Chapter 1: The Hollow Farewell
Chapter 1: The Hollow Farewell
The air in the chapel was thick with the cloying sweetness of lilies and decay. Alex Carter stood in the back row, the borrowed suit jacket feeling tight and scratchy across his shoulders. He felt a familiar numbness settle over him, a dull gray blanket that muted the world. He was an island of apathy in a sea of performative grief. The woman in the polished oak casket, Lillian Vance, was a ghost long before she’d died; a name in a family tree, a great-aunt he couldn’t pick out of a lineup.

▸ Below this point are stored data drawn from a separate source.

(* Let $p$ be a prime and $m$ a positive integer with $m+2\le p$. Let $B$ be a finite left brace with $$(B,+)\cong \mathbb{Z}/(p^{\alpha_1})\times\cdots\times\mathbb{Z}/(p^{\alpha_m})$$ for integers $1\le\alpha_1\le\alpha_2\le\cdots\le\alpha_m$. Then $o_{\cdot}(x)=o_{+}(x)$ for every $x\in B$. Moreover, if $(B,\cdot)$ is abelian, then $(B,\cdot)\cong(B,+)$. In particular, if $|B|=p^n$ (and $(B,+)$ is any abelian group of that order) with $n+2\le p$, then $o_{\cdot}(x)=o_{+}(x)$ for every $x\in B$.
   Context: A left brace is a set $B$ with two binary operations $+$ and $\cdot$ such that $(B,+)$ is an abelian group, $(B,\cdot)$ is a group, and $a\cdot(b+c)+a=a\cdot b+a\cdot c$ for all $a,b,c\in B$. For $x\in B$, $o_{\cdot}(x)$ denotes the order of $x$ in the group $(B,\cdot)$ and $o_{+}(x)$ denotes the order of $x$ in the group $(B,+)$. *)

theory Defs
  imports "HOL-Algebra.Algebra" "HOL-Computational_Algebra.Primes"
begin

definition left_brace :: "'a monoid \<Rightarrow> 'a monoid \<Rightarrow> bool" where
  "left_brace A M \<longleftrightarrow> comm_group A \<and> group M \<and> carrier M = carrier A \<and>
     (\<forall>a\<in>carrier A. \<forall>b\<in>carrier A. \<forall>c\<in>carrier A.
        (a \<otimes>\<^bsub>M\<^esub> (b \<otimes>\<^bsub>A\<^esub> c)) \<otimes>\<^bsub>A\<^esub> a
          = (a \<otimes>\<^bsub>M\<^esub> b) \<otimes>\<^bsub>A\<^esub> (a \<otimes>\<^bsub>M\<^esub> c))"

end

theory Submission
  imports Defs
begin

(*
  For a in a left brace, lambda a b = -a + ab is an automorphism of the additive group,
  lambda a o lambda b = lambda (ab), and the multiplicative power a^n is the orbit sum
  a + lambda a a + ... + (lambda a)^(n-1) a.  Writing lambda a = 1 + delta, this sum equals
  SUM j. (n choose j+1) delta^j a.  As lambda a has p-power order, delta is nilpotent on the
  p-torsion, where the kernels of its powers grow by factors of p; having at most p^(p-2)
  elements of order dividing p forces delta^(p-2) = 0 there.  Hence the p-th orbit sum vanishes
  exactly on the p-torsion, and induction on k shows that a^(p^k) = 1 holds multiplicatively iff
  it holds additively, so the two orders agree.  If the multiplicative group is abelian it thus
  has the same torsion counts as the additive group, and finite abelian p-groups with equal
  torsion counts are isomorphic.
*)

section \<open>Torsion subgroups\<close>

definition torsion :: "('a, 'b) monoid_scheme \<Rightarrow> nat \<Rightarrow> 'a set" where
  "torsion G n = {x \<in> carrier G. x [^]\<^bsub>G\<^esub> n = \<one>\<^bsub>G\<^esub>}"

lemma torsion_subset: "torsion G n \<subseteq> carrier G"
  by (auto simp: torsion_def)

lemma torsion_eq_carrier_iff:
  "finite (carrier G) \<Longrightarrow> torsion G n = carrier G \<longleftrightarrow> card (torsion G n) = order G"
  unfolding order_def using card_subset_eq torsion_subset by metis

lemma (in comm_group) subgroup_torsion: "subgroup (torsion G n) G"
  by (rule subgroupI) (auto simp: torsion_def nat_pow_distrib nat_pow_inv)

lemma (in group) card_torsion_pos: "finite (carrier G) \<Longrightarrow> 0 < card (torsion G n)"
  using finite_subset[OF torsion_subset] by (auto simp: card_gt_0_iff torsion_def)

lemma card_torsion_iso:
  assumes "h \<in> iso G H" "group G" "group H"
  shows "card (torsion G n) = card (torsion H n)"
proof -
  interpret group_hom G H h
    using assms by (simp add: group_hom_def group_hom_axioms_def iso_def)
  have bij: "bij_betw h (carrier G) (carrier H)"
    using assms by (simp add: iso_def)
  then have inj: "inj_on h (carrier G)"
    by (rule bij_betw_imp_inj_on)
  have "x [^]\<^bsub>G\<^esub> n = \<one>\<^bsub>G\<^esub> \<longleftrightarrow> h x [^]\<^bsub>H\<^esub> n = \<one>\<^bsub>H\<^esub>" if "x \<in> carrier G" for x
    using that inj_onD[OF inj] by (metis G.nat_pow_closed G.one_closed hom_nat_pow hom_one)
  moreover have "carrier H = h ` carrier G"
    using bij by (simp add: bij_betw_def)
  ultimately have "h ` torsion G n = torsion H n"
    unfolding torsion_def by auto
  moreover have "inj_on h (torsion G n)"
    using inj by (rule inj_on_subset) (auto simp: torsion_def)
  ultimately show ?thesis
    by (metis card_image)
qed

lemma card_torsion_is_iso:
  "G \<cong> H \<Longrightarrow> group G \<Longrightarrow> group H \<Longrightarrow> card (torsion G n) = card (torsion H n)"
  unfolding is_iso_def using card_torsion_iso by blast

lemma torsion_DirProd: "torsion (G \<times>\<times> H) n = torsion G n \<times> torsion H n"
proof -
  have "(x, y) [^]\<^bsub>G \<times>\<times> H\<^esub> (n::nat) = (x [^]\<^bsub>G\<^esub> n, y [^]\<^bsub>H\<^esub> n)" for x y
    by (induct n) auto
  then show ?thesis
    by (auto simp: torsion_def)
qed

lemma nat_pow_product_group:
  "f \<in> carrier (product_group I G) \<Longrightarrow>
    f [^]\<^bsub>product_group I G\<^esub> (n::nat) = (\<lambda>i\<in>I. f i [^]\<^bsub>G i\<^esub> n)"
  by (induct n arbitrary: f) (auto simp: fun_eq_iff PiE_iff)

lemma torsion_product_group: "torsion (product_group I G) n = (\<Pi>\<^sub>E i\<in>I. torsion (G i) n)"
proof (intro equalityI subsetI)
  fix f assume "f \<in> torsion (product_group I G) n"
  then show "f \<in> (\<Pi>\<^sub>E i\<in>I. torsion (G i) n)"
    by (auto simp: torsion_def nat_pow_product_group fun_eq_iff PiE_iff split: if_splits)
next
  fix f assume "f \<in> (\<Pi>\<^sub>E i\<in>I. torsion (G i) n)"
  then show "f \<in> torsion (product_group I G) n"
    by (auto simp: torsion_def nat_pow_product_group PiE_iff)
qed

lemma card_torsion_integer_mod_group:
  assumes "d dvd n" "n > 0"
  shows "card (torsion (integer_mod_group n) d) = d"
proof -
  obtain e where n: "n = d * e"
    using assms(1) by blast
  have "torsion (integer_mod_group n) d = (\<lambda>t. int e * t) ` {0..<int d}"
  proof (intro equalityI subsetI)
    fix x assume "x \<in> torsion (integer_mod_group n) d"
    then have "0 \<le> x" "x < int d * int e" "int d * int e dvd int d * x"
      using assms by (auto simp: torsion_def carrier_integer_mod_group n dvd_eq_mod_eq_0)
    then show "x \<in> (\<lambda>t. int e * t) ` {0..<int d}"
      using n assms(2) by (auto elim!: dvdE simp: image_iff zero_le_mult_iff)
  next
    fix x assume "x \<in> (\<lambda>t. int e * t) ` {0..<int d}"
    then show "x \<in> torsion (integer_mod_group n) d"
      using assms(2) by (auto simp: torsion_def carrier_integer_mod_group n)
  qed
  moreover have "inj_on (\<lambda>t. int e * t) {0..<int d}"
    using assms(2) n by (auto simp: inj_on_def)
  ultimately show ?thesis
    by (simp add: card_image)
qed

lemma order_product_integer_mod_group:
  fixes p :: nat
  assumes "finite I" "0 < p"
  shows "order (product_group I (\<lambda>i. integer_mod_group (p ^ \<alpha> i))) = p ^ (\<Sum>i\<in>I. \<alpha> i)"
  using assms by (simp add: order_def card_PiE carrier_integer_mod_group power_sum
      flip: of_nat_power)

lemma card_torsion_product_integer_mod_group:
  fixes p :: nat
  assumes "finite I" "0 < p" "\<And>i. i \<in> I \<Longrightarrow> 1 \<le> \<alpha> i"
  shows "card (torsion (product_group I (\<lambda>i. integer_mod_group (p ^ \<alpha> i))) p) = p ^ card I"
proof -
  have "p dvd p ^ \<alpha> i" if "i \<in> I" for i
    using assms(3)[OF that] by (simp add: dvd_power)
  then show ?thesis
    using assms by (simp add: torsion_product_group card_PiE card_torsion_integer_mod_group)
qed

section \<open>Finite abelian \<open>p\<close>-groups\<close>

context group
begin

lemma nat_pow_mod_ord: "x \<in> carrier G \<Longrightarrow> x [^] (k mod ord x) = x [^] (k::nat)"
  by (metis mod_mult_div_eq mult.commute nat_pow_mult nat_pow_one nat_pow_pow pow_ord_eq_1 r_one
      nat_pow_closed)

lemma cyclic_subgroup_iso_integer_mod_group:
  assumes x: "x \<in> carrier G" and n: "ord x = n" "n > 0"
  shows "(\<lambda>i. x [^] nat i) \<in> iso (integer_mod_group n) (subgroup_generated G {x})"
proof (rule isoI)
  have carrier: "carrier (subgroup_generated G {x}) = range (\<lambda>k::nat. x [^] k)"
    using x n generate_pow_nat[of x] by (auto simp: carrier_subgroup_generated)
  show "(\<lambda>i. x [^] nat i) \<in> hom (integer_mod_group n) (subgroup_generated G {x})"
  proof (rule homI)
    fix i j assume "i \<in> carrier (integer_mod_group n)" "j \<in> carrier (integer_mod_group n)"
    then have "nat ((i + j) mod int n) = (nat i + nat j) mod n"
      using n by (simp add: carrier_integer_mod_group nat_mod_distrib nat_add_distrib split: if_splits)
    then show "x [^] nat (i \<otimes>\<^bsub>integer_mod_group n\<^esub> j)
        = x [^] nat i \<otimes>\<^bsub>subgroup_generated G {x}\<^esub> x [^] nat j"
      using x n nat_pow_mod_ord[OF x, of "nat i + nat j"] by (simp add: nat_pow_mult)
  qed (simp add: carrier)
  have "range (\<lambda>k::nat. x [^] k) = (\<lambda>k. x [^] k) ` {0..<n}"
  proof (intro equalityI subsetI)
    fix y assume "y \<in> range (\<lambda>k::nat. x [^] k)"
    then obtain k :: nat where "y = x [^] k"
      by blast
    then have "y = x [^] (k mod n)" "k mod n \<in> {0..<n}"
      using n nat_pow_mod_ord[OF x, of k] by auto
    then show "y \<in> (\<lambda>k. x [^] k) ` {0..<n}"
      by blast
  qed auto
  moreover have "inj_on (\<lambda>k::nat. x [^] k) {0..<n}"
    using ord_inj[OF x] n by (simp add: atLeastLessThanSuc_atLeastAtMost[symmetric])
  ultimately have "bij_betw (\<lambda>k::nat. x [^] k) {0..<n} (range (\<lambda>k::nat. x [^] k))"
    by (simp add: bij_betw_def)
  moreover have "bij_betw nat {0..<int n} {0..<n}"
  proof (rule bij_betw_imageI)
    show "inj_on nat {0..<int n}"
      by (auto simp: inj_on_def)
    show "nat ` {0..<int n} = {0..<n}"
      by (auto simp: image_iff intro!: bexI[where x = "int _"])
  qed
  ultimately have "bij_betw (\<lambda>i. x [^] nat i) {0..<int n} (range (\<lambda>k::nat. x [^] k))"
    using bij_betw_trans by (fastforce simp: comp_def)
  then show "bij_betw (\<lambda>i. x [^] nat i) (carrier (integer_mod_group n))
      (carrier (subgroup_generated G {x}))"
    using n by (simp add: carrier carrier_integer_mod_group)
qed

end


lemma (in group) subgroup_nat_pow_closed: "subgroup H G \<Longrightarrow> x \<in> H \<Longrightarrow> x [^] (n::nat) \<in> H"
  using subgroup_int_pow_closed[of H x "int n"] by (simp add: int_pow_int)

lemma (in group) coprime_pows_in_subgroup:
  assumes "subgroup H G" "y \<in> carrier G" "y [^] m \<in> H" "y [^] n \<in> H" "coprime m (n::nat)"
  shows "y \<in> H"
proof -
  obtain u v :: int where uv: "u * int m + v * int n = 1"
    using bezout_int[of "int m" "int n"] assms(5) by (auto simp: coprime_iff_gcd_eq_1)
  have "y = y [^] (u * int m + v * int n)"
    using assms(2) by (simp add: uv)
  also have "\<dots> = (y [^] int m) [^] u \<otimes> (y [^] int n) [^] v"
    using assms(2) by (simp add: int_pow_mult int_pow_pow mult.commute)
  finally show ?thesis
    using assms by (metis int_pow_int subgroup.m_closed subgroup_int_pow_closed)
qed

lemma (in group) ex_not_in_subgroup_pow_in:
  assumes "subgroup H G" "x \<in> carrier G" "x \<notin> H" "x [^] ((p::nat) ^ a) \<in> H"
  obtains y where "y \<in> carrier G" "y \<notin> H" "y [^] p \<in> H"
proof -
  define j where "j = (LEAST j. x [^] (p ^ j) \<in> H)"
  have j: "x [^] (p ^ j) \<in> H"
    unfolding j_def using assms(4) by (rule LeastI)
  then have "j \<noteq> 0"
    using assms(2,3) by (intro notI) simp
  then have "x [^] (p ^ (j - 1)) \<notin> H"
    using not_less_Least[of "j - 1" "\<lambda>j. x [^] (p ^ j) \<in> H"] by (simp add: j_def)
  moreover have "(x [^] (p ^ (j - 1))) [^] p = x [^] (p ^ j)"
    using \<open>j \<noteq> 0\<close> assms(2) by (cases j) (simp_all add: nat_pow_pow mult.commute)
  ultimately show ?thesis
    using that[of "x [^] (p ^ (j - 1))"] assms(2) j by simp
qed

He scanned the faces of his relatives. They weren't crying. Their expressions weren't of sorrow, but of a tense, collective vigilance. Uncles and cousins, normally loud and boisterous at holiday gatherings, stood in tight, silent clusters. Their eyes, dark and heavy-lidded, didn't linger on the casket. They darted around the room, flitting past him, over him, through him, before quickly looking away. It was the way you’d watch a volatile chemical reaction, waiting for the inevitable, disastrous result. His own father stood near the front, shoulders rigid, staring straight ahead, refusing to meet Alex’s gaze.
It was all so deeply, profoundly weird. A funeral should be a simple transaction: you show up, you look sad, you eat dry sandwiches, and you go home. This felt like something else entirely. A shareholder's meeting for a failing company. A parole hearing.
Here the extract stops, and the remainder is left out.